Не отвечая, Поль допил эль и со стуком поставил кружку на стол, чтобы привлечь внимание прислуги. Тотчас же девушка подбежала к нему и, наклонившись очень низко, так, что ее грудь коснулась рукава рыцаря, налила ему еще эля. Настала очередь Маркуса улыбаться, и его обычно мрачное лицо сразу же изменилось и посветлело. Однако их внимание в этот момент привлекли двое разряженных щеголей, непонятно зачем ввалившихся в убогую таверну.

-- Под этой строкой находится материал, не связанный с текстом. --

lemma det2_chord_normal_eq_0:
  assumes two: "(2::'a::field) \<noteq> 0" and a: "a \<noteq> (0, 0)" and a': "a' \<noteq> (0, 0)" and n: "n \<noteq> (0, 0)"
    and p: "p \<in> line n g"
    and mid: "crosses (line n g) (line a \<alpha>) (line a' \<alpha>') \<Longrightarrow>
      mid (line a \<alpha>) (line a' \<alpha>') (line n g) = Fin p"
  shows "det2 n (chord_normal a \<alpha> a' \<alpha>' (p::'a \<times> 'a)) = 0"
proof (cases "crosses (line n g) (line a \<alpha>) (line a' \<alpha>')")
  case True
  then have ne: "line n g \<noteq> line a \<alpha>" "line n g \<noteq> line a' \<alpha>'"
    by (auto simp: crosses_def)
  obtain x x' where x: "x \<in> line n g" "x \<in> line a \<alpha>"
    and x': "x' \<in> line n g" "x' \<in> line a' \<alpha>'" and p_eq: "p = pt_mid x x'"
    by (rule mid_eq_FinD[OF is_line_line[OF n] is_line_line[OF a] is_line_line[OF a'] ne mid[OF True]])
  then show ?thesis
    using det2_chord_normal_pt_mid_eq_0[OF two x x'] by simp
next
  case False
  have par_iff: "parallel (line n g) (line k d) \<longleftrightarrow> det2 n k = 0" if "k \<noteq> (0, 0)" for k d
    using parallel_line_iff[OF n that] .
  from False consider "line n g = line a \<alpha>" | "line n g = line a' \<alpha>'"
    | "parallel (line n g) (line a \<alpha>)" "parallel (line n g) (line a' \<alpha>')"
    by (auto simp: crosses_def)
  then show ?thesis
  proof cases
    case 1
    with p have "p \<in> line a \<alpha>"
      by simp
    then have "\<alpha> = dot a p"
      by (simp add: line_def)
    moreover have "det2 n a = 0"
      using par_iff[OF a] parallel_refl 1 by metis
    ultimately show ?thesis
      by (simp add: det2_chord_normal)
  next
    case 2
    with p have "p \<in> line a' \<alpha>'"
      by simp
    then have "\<alpha>' = dot a' p"
      by (simp add: line_def)
    moreover have "det2 n a' = 0"
      using par_iff[OF a'] parallel_refl 2 by metis
    ultimately show ?thesis
      by (simp add: det2_chord_normal)
  next
    case 3
    then show ?thesis
      using par_iff a a' by (simp add: det2_chord_normal)
  qed
qed
(* Let $|\cdot|$ be a measurable norm on a separable, infinite-dimensional, real Hilbert space $H$, and let $M_0\subset H$ be a closed subspace with $\dim M_0=\infty$. Then there is a measurably adapted sequence $(F_n)_{n\geq1}$ of closed subspaces of $H$ with $F_1\supset F_0:=M_0^\perp$ and $\dim(F_1\cap M_0)<\infty$. Moreover, the linear span of the subspaces $F_n\cap F_{n-1}^\perp$, $n\geq 1$, is dense in $M_0$.
   Context: A norm $|\cdot|$ on a real separable Hilbert space $H$ is a measurable norm if for every $\epsilon>0$ there is a finite-dimensional subspace $F_0\subset H$ such that $\mathrm{Gauss}[v\in F_1: |v|>\epsilon]<\epsilon$ for every finite-dimensional subspace $F_1\subset H$ orthogonal to $F_0$, where $\mathrm{Gauss}$ is standard Gaussian measure on $F_1$. A sequence $(F_n)_{n\geq1}$ of closed subspaces of $H$ is measurably adapted if: (i) $F_1\subset F_2\subset\cdots$; (ii) $1\leq\dim(F_{n+1}\cap F_n^\perp)<\infty$ for all $n\ge1$; (iii) $\bigcup_n F_n$ is dense in $H$; (iv) for every $n\ge1$, $\mathrm{Gauss}[v\in F_{n+1}\cap F_n^\perp: |v|>2^{-n}]<2^{-n}$, with $\mathrm{Gauss}$ the standard Gaussian measure on $F_{n+1}\cap F_n^\perp$. *)

theory Defs
  imports "HOL-Analysis.Analysis" "HOL-Probability.Probability"
begin

text \<open>A (not necessarily continuous) norm on a real vector space.\<close>
definition is_norm :: "('a::real_vector \<Rightarrow> real) \<Rightarrow> bool" where
  "is_norm N \<longleftrightarrow> (\<forall>x y. N (x + y) \<le> N x + N y) \<and> (\<forall>c x. N (c *\<^sub>R x) = \<bar>c\<bar> * N x)
     \<and> (\<forall>x. N x = 0 \<longrightarrow> x = 0)"

definition fin_dim_subspace :: "'a::real_vector set \<Rightarrow> bool" where
  "fin_dim_subspace F \<longleftrightarrow> subspace F \<and> (\<exists>B. finite B \<and> span B = F)"

definition onb_list :: "'a::real_inner set \<Rightarrow> 'a list" where
  "onb_list F = (SOME e. (\<forall>i<length e. \<forall>j<length e. e!i \<bullet> e!j = (if i = j then 1 else 0))
                          \<and> span (set e) = F)"

text \<open>Standard Gaussian measure on a finite-dimensional subspace F of the set A:
  the law of the sum of g_i e_i, with (e_i) an orthonormal basis of F and g_i iid N(0,1).
  (By rotation invariance this does not depend on the chosen basis.)\<close>
definition gauss :: "'a::real_inner set \<Rightarrow> 'a set \<Rightarrow> real" where
  "gauss F A = (let e = onb_list F; k = length e;
                    M = PiM {..<k} (\<lambda>_. density lborel std_normal_density)
                in measure M {x \<in> space M. (\<Sum>i<k. x i *\<^sub>R e!i) \<in> A})"

definition measurable_norm :: "('a::real_inner \<Rightarrow> real) \<Rightarrow> bool" where
  "measurable_norm N \<longleftrightarrow> is_norm N \<and>
     (\<forall>\<epsilon>>0. \<exists>F0. fin_dim_subspace F0 \<and>
        (\<forall>F1. fin_dim_subspace F1 \<and> F1 \<subseteq> orthogonal_comp F0 \<longrightarrow>
              gauss F1 {v \<in> F1. N v > \<epsilon>} < \<epsilon>))"

text \<open>Measurably adapted sequence (F n) for n \<ge> 1 (the value F 0 is irrelevant here).\<close>
definition measurably_adapted :: "('a::real_inner \<Rightarrow> real) \<Rightarrow> (nat \<Rightarrow> 'a set) \<Rightarrow> bool" where
  "measurably_adapted N F \<longleftrightarrow>
     (\<forall>n\<ge>1. closed (F n) \<and> subspace (F n)) \<and>
     (\<forall>n\<ge>1. F n \<subseteq> F (Suc n)) \<and>
     (\<forall>n\<ge>1. fin_dim_subspace (F (Suc n) \<inter> orthogonal_comp (F n))
            \<and> 1 \<le> dim (F (Suc n) \<inter> orthogonal_comp (F n))) \<and>
     closure (\<Union>n\<in>{1..}. F n) = UNIV \<and>
     (\<forall>n\<ge>1. gauss (F (Suc n) \<inter> orthogonal_comp (F n))
              {v \<in> F (Suc n) \<inter> orthogonal_comp (F n). N v > 1 / 2 ^ n} < 1 / 2 ^ n)"

end

theory Submission
  imports Defs
begin

text \<open>
  Take F n = M0\<bottom> + span (B n) for an increasing chain of finite
  orthonormal sets B 0 = {} \<subset> B 1 \<subset> ... inside M0, so that the increments
  F (n+1) \<inter> (F n)\<bottom> are span (B (n+1) - B n) \<subseteq> M0. The measurable-norm hypothesis yields
  finite-dimensional subspaces G n whose orthogonal complements carry the Gaussian bound at
  level 1/2^n. A vector of M0 is orthogonal to G n as soon as it is orthogonal to the orthogonal
  projection of G n onto M0, so it suffices to put that finite-dimensional projection into
  span (B n) before choosing B (n+1). Interleaving this with the projections of a dense
  sequence makes the union of the span (B n) dense in M0, and the orthogonal decomposition
  H = M0 + M0\<bottom> then gives density of the F n.
\<close>

section \<open>Orthogonal projection onto a closed subspace\<close>

lemma orthogonal_comp_iff: "x \<in> orthogonal_comp M \<longleftrightarrow> (\<forall>y\<in>M. y \<bullet> x = 0)"
  by (simp add: orthogonal_comp_def orthogonal_def)

lemma closed_orthogonal_comp: "closed (orthogonal_comp M)"
proof -
  have "orthogonal_comp M = (\<Inter>y\<in>M. {x. y \<bullet> x = 0})" by (auto simp: orthogonal_comp_iff)
  then show ?thesis by (simp add: closed_INT closed_hyperplane)
qed

lemma parallelogram_law:
  fixes x y :: "'a::real_inner"
  shows "(norm (x + y))\<^sup>2 + (norm (x - y))\<^sup>2 = 2 * (norm x)\<^sup>2 + 2 * (norm y)\<^sup>2"
  by (simp add: power2_norm_eq_inner inner_add inner_diff inner_commute)

lemma nearest_point_exists:
  fixes x :: "'a::{real_inner,complete_space}"
  assumes S: "closed S" "convex S" "S \<noteq> {}"
  obtains p where "p \<in> S" "\<And>y. y \<in> S \<Longrightarrow> norm (x - p) \<le> norm (x - y)"
proof -
  define d where "d = infdist x S"
  have "\<exists>y\<in>S. dist x y < d + 1 / Suc k" for k :: nat
  proof -
    have "(INF a\<in>S. dist x a) < d + 1 / Suc k"
      using infdist_notempty[OF S(3)] by (simp add: d_def)
    then show ?thesis using S(3) by (subst (asm) cINF_less_iff) (auto intro: bdd_belowI2[of _ 0])
  qed
  then obtain y where yS: "\<And>k. y k \<in> S" and y_close: "\<And>k. dist x (y k) < d + 1 / Suc k"
    by metis
  have "(\<lambda>k. dist x (y k)) \<longlonglongrightarrow> d"
  proof (rule tendsto_sandwich)
    show "\<forall>\<^sub>F k in sequentially. d \<le> dist x (y k)"
      using yS by (simp add: d_def infdist_le)
    show "\<forall>\<^sub>F k in sequentially. dist x (y k) \<le> d + 1 / Suc k"
      using y_close by (intro always_eventually allI less_imp_le)
    show "(\<lambda>k. d + 1 / Suc k) \<longlonglongrightarrow> d"
      using tendsto_add[OF tendsto_const LIMSEQ_inverse_real_of_nat, of d]
      by (simp add: inverse_eq_divide)
  qed simp
  then have lim: "(\<lambda>k. (dist x (y k))\<^sup>2) \<longlonglongrightarrow> d\<^sup>2"
    by (intro tendsto_intros)
  have d_le: "2 * d \<le> norm ((x - y j) + (x - y k))" for j k
  proof -
    have "(1/2) *\<^sub>R (y j + y k) \<in> S"
      using convexD[OF S(2) yS yS, of "1/2" "1/2"] by (simp add: scaleR_add_right)
    then have "d \<le> norm (x - (1/2) *\<^sub>R (y j + y k))"
      by (metis d_def dist_norm infdist_le)
    moreover have "(x - y j) + (x - y k) = 2 *\<^sub>R (x - (1/2) *\<^sub>R (y j + y k))"
      by (simp add: algebra_simps scaleR_2)
    ultimately show ?thesis by simp
  qed
  \<comment> \<open>the parallelogram law at the midpoint bounds the distance between two approximants\<close>
  have dist_sq: "(dist (y j) (y k))\<^sup>2 \<le> 2 * (dist x (y j))\<^sup>2 + 2 * (dist x (y k))\<^sup>2 - 4 * d\<^sup>2"
    for j k
  proof -
    have "(2 * d)\<^sup>2 \<le> (norm ((x - y j) + (x - y k)))\<^sup>2"
      using d_le[of j k] infdist_nonneg[of x S] by (intro power_mono) (auto simp: d_def)
    moreover have "(x - y j) - (x - y k) = y k - y j" by simp
    ultimately show ?thesis
      using parallelogram_law[of "x - y j" "x - y k"]
      by (simp add: dist_norm norm_minus_commute power_mult_distrib)
  qed
  have "Cauchy y"
  proof (rule metric_CauchyI)
    fix \<epsilon> :: real assume "\<epsilon> > 0"
    then have "\<forall>\<^sub>F k in sequentially. dist ((dist x (y k))\<^sup>2) (d\<^sup>2) < \<epsilon>\<^sup>2 / 4"
      using lim \<open>\<epsilon> > 0\<close> unfolding tendsto_iff by (metis divide_pos_pos zero_less_numeral zero_less_power)
    then obtain K where K: "\<And>k. k \<ge> K \<Longrightarrow> \<bar>(dist x (y k))\<^sup>2 - d\<^sup>2\<bar> < \<epsilon>\<^sup>2 / 4"
      by (auto simp: eventually_sequentially dist_real_def)
    have "dist (y j) (y k) < \<epsilon>" if "j \<ge> K" "k \<ge> K" for j k
    proof -
      have "(dist (y j) (y k))\<^sup>2 < \<epsilon>\<^sup>2"
        using dist_sq[of j k] K[OF that(1)] K[OF that(2)] by linarith
      then show ?thesis using \<open>\<epsilon> > 0\<close> by (simp add: power_less_imp_less_base)
    qed
    then show "\<exists>K. \<forall>j\<ge>K. \<forall>k\<ge>K. dist (y j) (y k) < \<epsilon>" by blast
  qed
  then obtain p where "y \<longlonglongrightarrow> p" using convergent_eq_Cauchy by blast
  then have "p \<in> S" using S(1) yS closed_sequentially by blast
  moreover have "dist x p = d"
    using LIMSEQ_unique[OF tendsto_dist[OF tendsto_const \<open>y \<longlonglongrightarrow> p\<close>]
          \<open>(\<lambda>k. dist x (y k)) \<longlonglongrightarrow> d\<close>] .
  ultimately show ?thesis
    using that by (metis d_def dist_norm infdist_le)
qed
theorem proposition2p3:
  fixes \<gamma> R :: real
  assumes "\<gamma> > 0"
    and "R \<ge> 600 * (\<gamma> powr (3/4) + \<gamma> powr (-3/4))"
  shows "(\<forall>j::nat. j \<ge> 1 \<longrightarrow>
           (\<exists>!w. w \<in> F_inf \<and> w = G_fun \<gamma> j R w) \<and>
           (\<forall>w. w \<in> F_inf \<and> w = G_fun \<gamma> j R w \<longrightarrow> w \<in> F_j \<gamma> j)) \<and>
         (\<forall>(j::nat) (k::nat) w v. j \<ge> 1 \<longrightarrow> k \<ge> 1 \<longrightarrow> j \<noteq> k \<longrightarrow>
           w \<in> F_inf \<longrightarrow> w = G_fun \<gamma> j R w \<longrightarrow>
           v \<in> F_inf \<longrightarrow> v = G_fun \<gamma> k R v \<longrightarrow> w \<noteq> v)"
proof -
  have "600 \<le> 600 * ((\<gamma> powr (3/4) + \<gamma> powr (-3/4)) * sqrt \<gamma>)"
    using one_le_powr_sum_mult_sqrt[OF assms(1)] by linarith
  also have "\<dots> \<le> R * sqrt \<gamma>"
    unfolding mult.assoc[symmetric] using assms by (intro mult_right_mono) auto
  finally have R_large: "600 \<le> R * sqrt \<gamma>" .
  then have R: "R > 0"
    using zero_less_mult_pos2[of R "sqrt \<gamma>"] assms(1) by simp
  show ?thesis
  proof (intro conjI allI impI)
    fix j :: nat assume "1 \<le> j"
    then show "\<exists>!w. w \<in> F_inf \<and> w = G_fun \<gamma> j R w"
      by (rule ex1_fixed_point_G_fun[OF assms(1) R_large])
  next
    fix j :: nat and w assume "w \<in> F_inf \<and> w = G_fun \<gamma> j R w"
    then show "w \<in> F_j \<gamma> j"
      using fixed_point_G_fun_in_F_j[OF R] by blast
  next
    fix j k :: nat and w v assume "j \<noteq> k" "w = G_fun \<gamma> j R w" "v = G_fun \<gamma> k R v"
    then show "w \<noteq> v"
      using R by (intro fixed_points_G_fun_distinct) auto
  qed
qed

end
(* Let $\mathcal F_1$ and $\mathcal F_2$ be completely positive maps on $M_D$ with spectral radius $1$, where $\mathcal F_1$ is trace-preserving and $\tau(\mathcal F_1)<1$. Let $\rho_1$ be the unique density matrix with $\mathcal F_1(\rho_1)=\rho_1$. Let $\xi\in M_D$ satisfy $\mathcal F_2^\dagger(\xi)=\xi$, normalised so that $\mathrm{Tr}(\rho_1\xi)=1$. Set $$k=\frac{1+\tau(\mathcal F_1)}{1-\tau(\mathcal F_1)}\,\|\mathcal F_1-\mathcal F_2\|_{1\to1}.$$ If $k<1$, then $$\|\mathbb 1-\xi\|_\infty\le\frac{k}{1-k}.$$
   Context: Notation: $M_D$ is the space of complex $D\times D$ matrices and $\|\cdot\|_p$ is the Schatten $p$-norm ($\|\cdot\|_\infty$ the operator norm). For a linear map $\mathcal F$ on $M_D$, $\|\mathcal F\|_{1\to1}:=\sup_{\sigma\ne0}\|\mathcal F(\sigma)\|_1/\|\sigma\|_1$. The dual map $\mathcal F^\dagger$ is defined by $\mathrm{Tr}(A\,\mathcal F(B))=\mathrm{Tr}(\mathcal F^\dagger(A)B)$ for all $A,B$. The ergodicity coefficient is $\tau(\mathcal F):=\sup\{\|\mathcal F(\sigma)\|_1/\|\sigma\|_1:\ 0\ne\sigma\in M_D,\ \mathrm{Tr}\,\sigma=0\}$. A trace-preserving positive map with $\tau<1$ has a unique fixed density matrix. *)

theory Defs
  imports "Jordan_Normal_Form.Matrix"
begin

text \<open>Matrices in M_D are complex matrices in carrier_mat D D (Jordan_Normal_Form).
  Linear maps on M_D are functions on complex mat, considered on carrier_mat D D.\<close>

definition mtrace :: "complex mat \<Rightarrow> complex" where
  "mtrace A = (\<Sum>i<dim_row A. A $$ (i,i))"

definition adj :: "complex mat \<Rightarrow> complex mat" where
  "adj A = mat (dim_col A) (dim_row A) (\<lambda>(i,j). cnj (A $$ (j,i)))"

definition vnorm :: "complex vec \<Rightarrow> real" where
  "vnorm v = sqrt (\<Sum>i<dim_vec v. (cmod (v $ i))\<^sup>2)"

definition quad :: "complex mat \<Rightarrow> complex vec \<Rightarrow> complex" where
  "quad A v = (\<Sum>i<dim_vec v. cnj (v $ i) * (A *\<^sub>v v) $ i)"

definition psd :: "nat \<Rightarrow> complex mat \<Rightarrow> bool" where
  "psd D A \<longleftrightarrow> A \<in> carrier_mat D D \<and> adj A = A \<and>
     (\<forall>v \<in> carrier_vec D. Im (quad A v) = 0 \<and> Re (quad A v) \<ge> 0)"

«Точнее, – подумал Поль, приглядевшись к вошедшим, – один щеголь, а второй – так себе».
Один из новоприбывших был хорош собой, с вьющимися волосами и блестящими, как черные жемчужины, глазами, в то время как лицо другого портили уродливые пятна и прыщи. Однако и он, и его товарищ были разодеты по последней моде в камзолы с длинными рукавами и туфли с загнутыми остроконечными носами, что в простой и грубой обстановке таверны выглядело весьма неуместно.
– Эля! – громко распорядился красавчик. – Самого лучшего, какой у вас есть!
Головы всех присутствующих дружно повернулись к нему, и по залу прокатился смешок.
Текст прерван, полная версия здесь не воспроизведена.